Classic counting semaphores for R
R allows for parallel processing, for example with the parallel package. In such situations any of the standard inter-process synchronization mechanisms can be useful. This package provides one of these; the classic counting semaphore. These are useful any time a number of processes must share some resource of which a limited number are available. Practical examples of shared limited resources might include database connections, ftp connections, temporary storage...

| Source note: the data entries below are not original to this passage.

text \<open>Hence, if the zero set is nonempty, the solutions are bounded uniformly in lam:
  every point has a representative within distance N of x*.\<close>
lemma discounted_solution_bounded:
  assumes xsF: "(\<Sum>j\<in>UNIV. f j xs) = 0"
  shows "\<exists>C. \<forall>lam u i x. 0 < lam \<longrightarrow> visc_sol (discounted_op lam F f d) u \<longrightarrow> 0 \<le> u i x \<and> u i x \<le> C"
proof -
  obtain K where K: "K > 0" "\<And>lam u z i x. 0 < lam \<Longrightarrow> visc_sol (discounted_op lam F f d) u \<Longrightarrow>
      (\<Sum>j\<in>UNIV. f j z) = 0 \<Longrightarrow> u i x \<le> K * norm (x - z)"
    using discounted_solution_cone_bound by blast
  have "0 \<le> u i x \<and> u i x \<le> K * real CARD('n)"
    if lam: "0 < lam" and sol: "visc_sol (discounted_op lam F f d) u" for lam u i x
  proof
    show "0 \<le> u i x" using discounted_solution_nonneg lam sol by blast
    have "u i x = u i (torus_rep xs x)"
      using periodic_torus_rep sol unfolding visc_sol_def by metis
    also have "\<dots> \<le> K * norm (torus_rep xs x - xs)" using K(2)[OF lam sol xsF] by blast
    also have "\<dots> \<le> K * real CARD('n)" using K(1) norm_torus_rep_le by simp
    finally show "u i x \<le> K * real CARD('n)" .
  qed
  then show ?thesis by blast
qed
lemma primitive_on_product_increments_small:
  fixes P B :: real
  assumes X: "primitive_on T X (\<lambda>s. Y s * f s)"
    and Y: "primitive_on T Y (\<lambda>s. Y s * g s)"
    and Q: "primitive_on T Q (\<lambda>s. - (P * f s + Q s * g s))"
    and bounded: "\<forall>s\<in>{0..T}. \<bar>f s\<bar> \<le> B \<and> \<bar>g s\<bar> \<le> B"
    and "0 \<le> T" "\<epsilon> > 0"
  obtains \<delta> where "\<delta> > 0" and "\<And>a b. 0 \<le> a \<Longrightarrow> a \<le> b \<Longrightarrow> b \<le> T \<Longrightarrow> b - a < \<delta> \<Longrightarrow>
    \<bar>(P * X b + Q b * Y b) - (P * X a + Q a * Y a)\<bar> \<le> \<epsilon> * (b - a)"
proof -
  have cont: "continuous_on {0..T} (\<lambda>s. (Y s, Q s))"
    using continuous_on_primitive[OF Y] continuous_on_primitive[OF Q] by (intro continuous_intros)
  obtain C where "C > 0" and C: "\<forall>z\<in>(\<lambda>s. (Y s, Q s)) ` {0..T}. norm z \<le> C"
    using compact_imp_bounded[OF compact_continuous_image[OF cont compact_Icc]]
    unfolding bounded_pos by blast
  have "0 \<le> B"
    using bounded \<open>0 \<le> T\<close> abs_ge_zero[of "f 0"] by force
  define \<eta> where "\<eta> = \<epsilon> / (B * (\<bar>P\<bar> + 2 * C) + 1)"
  have "0 < B * (\<bar>P\<bar> + 2 * C) + 1"
    using \<open>0 \<le> B\<close> \<open>C > 0\<close> by (simp add: add_nonneg_pos)
  then have "\<eta> > 0" and \<eta>: "B * (\<bar>P\<bar> + 2 * C) * \<eta> \<le> \<epsilon>"
    using \<open>\<epsilon> > 0\<close> by (simp_all add: \<eta>_def field_simps)
  obtain \<delta> where "\<delta> > 0" and \<delta>: "\<forall>s\<in>{0..T}. \<forall>s'\<in>{0..T}. dist s' s < \<delta> \<longrightarrow>
      dist (Y s', Q s') (Y s, Q s) < \<eta>"
    using compact_uniformly_continuous[OF cont compact_Icc] \<open>\<eta> > 0\<close>
    unfolding uniformly_continuous_on_def by metis
  show ?thesis
  proof (rule that[OF \<open>\<delta> > 0\<close>])
    fix a b assume ab: "0 \<le> a" "a \<le> b" "b \<le> T" "b - a < \<delta>"
    have "\<bar>P * f s * (Y s - Y a) + g s * Q b * (Y s - Y a) + g s * Y a * (Q b - Q s)\<bar> \<le> \<epsilon>"
      if s: "s \<in> {a..b}" for s
    proof -
      have "s \<in> {0..T}" "a \<in> {0..T}" "b \<in> {0..T}" "dist s a < \<delta>" "dist b s < \<delta>"
        using s ab by (auto simp: dist_real_def)
      then have "dist (Y s, Q s) (Y a, Q a) < \<eta>" "dist (Y b, Q b) (Y s, Q s) < \<eta>"
          "norm (Y a, Q a) \<le> C" "norm (Y b, Q b) \<le> C"
        using \<delta> C by blast+
      then have "\<bar>Y s - Y a\<bar> \<le> \<eta>" "\<bar>Q b - Q s\<bar> \<le> \<eta>" "\<bar>Y a\<bar> \<le> C" "\<bar>Q b\<bar> \<le> C"
        using dist_fst_le[of "(Y s, Q s)" "(Y a, Q a)"] dist_snd_le[of "(Y b, Q b)" "(Y s, Q s)"]
          norm_fst_le[of "Y a" "Q a"] norm_snd_le[of "Q b" "Y b"]
        by (simp_all add: dist_real_def)
      with abs_product_increment_integrand_le bounded \<open>s \<in> {0..T}\<close> show ?thesis
        by (meson \<eta> order_trans)
    qed
    then have "norm ((P * X b + Q b * Y b) - (P * X a + Q a * Y a)) \<le> \<epsilon> * measure lborel {a..b}"
      by (intro has_integral_bound_real[OF less_imp_le[OF \<open>\<epsilon> > 0\<close>] finite.emptyI
          primitive_on_product_increment[OF X Y Q ab(1-3)]]) simp
    then show "\<bar>(P * X b + Q b * Y b) - (P * X a + Q a * Y a)\<bar> \<le> \<epsilon> * (b - a)"
      using ab(2) by simp
  qed
qed

lemma primitive_on_first_integral:
  fixes P B :: real
  assumes X: "primitive_on T X (\<lambda>s. Y s * f s)"
    and Y: "primitive_on T Y (\<lambda>s. Y s * g s)"
    and Q: "primitive_on T Q (\<lambda>s. - (P * f s + Q s * g s))"
    and bounded: "\<forall>s\<in>{0..T}. \<bar>f s\<bar> \<le> B \<and> \<bar>g s\<bar> \<le> B"
    and t: "t \<in> {0..T}"
  shows "P * X t + Q t * Y t = P * X 0 + Q 0 * Y 0"
proof -
  have "\<exists>\<delta>>0. \<forall>a\<in>{0..T}. \<forall>b\<in>{0..T}. a \<le> b \<longrightarrow> b - a < \<delta> \<longrightarrow>
      \<bar>(P * X b + Q b * Y b) - (P * X a + Q a * Y a)\<bar> \<le> \<epsilon> * (b - a)"
    if \<epsilon>: "\<epsilon> > 0" for \<epsilon>
  proof -
    obtain \<delta> where "\<delta> > 0" and "\<And>a b. 0 \<le> a \<Longrightarrow> a \<le> b \<Longrightarrow> b \<le> T \<Longrightarrow> b - a < \<delta> \<Longrightarrow>
        \<bar>(P * X b + Q b * Y b) - (P * X a + Q a * Y a)\<bar> \<le> \<epsilon> * (b - a)"
      using primitive_on_product_increments_small[OF X Y Q bounded _ \<epsilon>] t by auto
    then show ?thesis
      by (intro exI[of _ \<delta>]) auto
  qed
  from constant_if_increments_small[of 0 T "\<lambda>t. P * X t + Q t * Y t", OF this t] show ?thesis .
qed

lemma AE_interval_imp_ex:
  fixes a b :: real
  assumes "AE t in lebesgue. t \<in> {a..b} \<longrightarrow> P t" "a < b"
  shows "\<exists>t\<in>{a..b}. P t"
proof (rule ccontr)
  assume "\<not> ?thesis"
  then have "AE t \<in> {a<..<b} in lebesgue. t \<in> {}"
    using assms(1) by (auto elim: eventually_mono)
  then show False
    using mem_closed_if_AE_lebesgue_open[of "{a<..<b}" "{}" "(a + b) / 2"] assms(2) by auto
qed

lemma AE_mem_closed_imp_mem:
  fixes w :: "real \<Rightarrow> 'a::metric_space"
  assumes "AE t in lebesgue. t \<in> {a..b} \<longrightarrow> w t \<in> K"
    and "a < b" "continuous_on {a..b} w" "closed K" "t \<in> {a..b}"
  shows "w t \<in> K"
proof -
  let ?C = "{a..b} \<inter> w -` K"
  have "closed ?C"
    using continuous_closed_preimage[OF assms(3)] assms(4) by auto
  moreover have "{a<..<b} \<subseteq> ?C"
  proof
    fix s assume "s \<in> {a<..<b}"
    moreover have "AE s \<in> {a<..<b} in lebesgue. s \<in> ?C"
      using assms(1) by (auto elim: eventually_mono)
    ultimately show "s \<in> ?C"
      using mem_closed_if_AE_lebesgue_open[OF open_greaterThanLessThan \<open>closed ?C\<close>] by blast
  qed
  ultimately have "closure {a<..<b} \<subseteq> ?C"
    by (rule closure_minimal[rotated])
  then show ?thesis
    using assms(2,5) by auto
qed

Consider the following example in which the shared resource is a file system where (for whatever reason) no more than two files should be written to at once. Yet imagine that it makes sense to run many more than two processes at once, for example because there are more than two cores, and that each process only needs the shared resource for a fraction of its lifetime. We can use a semaphore to guarantee that there are no more than two simultaneous accessors of the shared resource amoung arbitrarily many processes:
library(semaphore)
library(parallel)
n_simultaneous_writers <- 2
n_tasks <- 40
sem <- semaphore(n_simultaneous_writers)
work <- function(i=0) {
n_seconds = sample(1:10,1)
Sys.sleep(n_seconds)
# Without the semaphore guard, many threads will fail.
acquire(sem)
mock_output()
release(sem)
print(paste0("Process complete: ", i))
}
# Create a temp file; sleep 2 seconds; delete the file.
mock_output <- function() {
t1 <- tempfile("tmp-demo.xxxxxx", tmpdir=getwd())
system(paste0("touch ", t1))
n_active_writers = length(grep("tmp-demo", list.files(".")))
if (n_active_writers > n_simultaneous_writers) {
Sys.sleep(2)
system(paste0("rm ", t1))
stop("Too many active writers!")
}
Sys.sleep(2)
system(paste0("rm ", t1))
}
mclapply(1:n_tasks, work, mc.cores=n_tasks, mc.preschedule=FALSE)
In the above example each thread lasts for an average of 7 seconds (average of 5 seconds for the work phase where there is no shared resource use, and 2 seconds when the shared resource is in use.) If we were to guarantee no more than two writers by limiting the number of threads to 2, the runtime should be about 40 * 7 / 2 = 140 seconds. Observations bear this out. But for much of this time there are fewer than the maximum of two writers, because a thread is not in the writing phase. If we allow full parallelism with up to 40 threads, the observed runtime goes down to about 40 seconds, which is the lowest achievable for 40 writers running 2 at a time that each require 2 seconds of writing. Watching this process run, there will never be more than 2 open temp files at a time.
Another interesting use case is dynamic parallelism where it may not be possible to predict or to constrain in advance the number of processes created but where total resource usage must still be managed.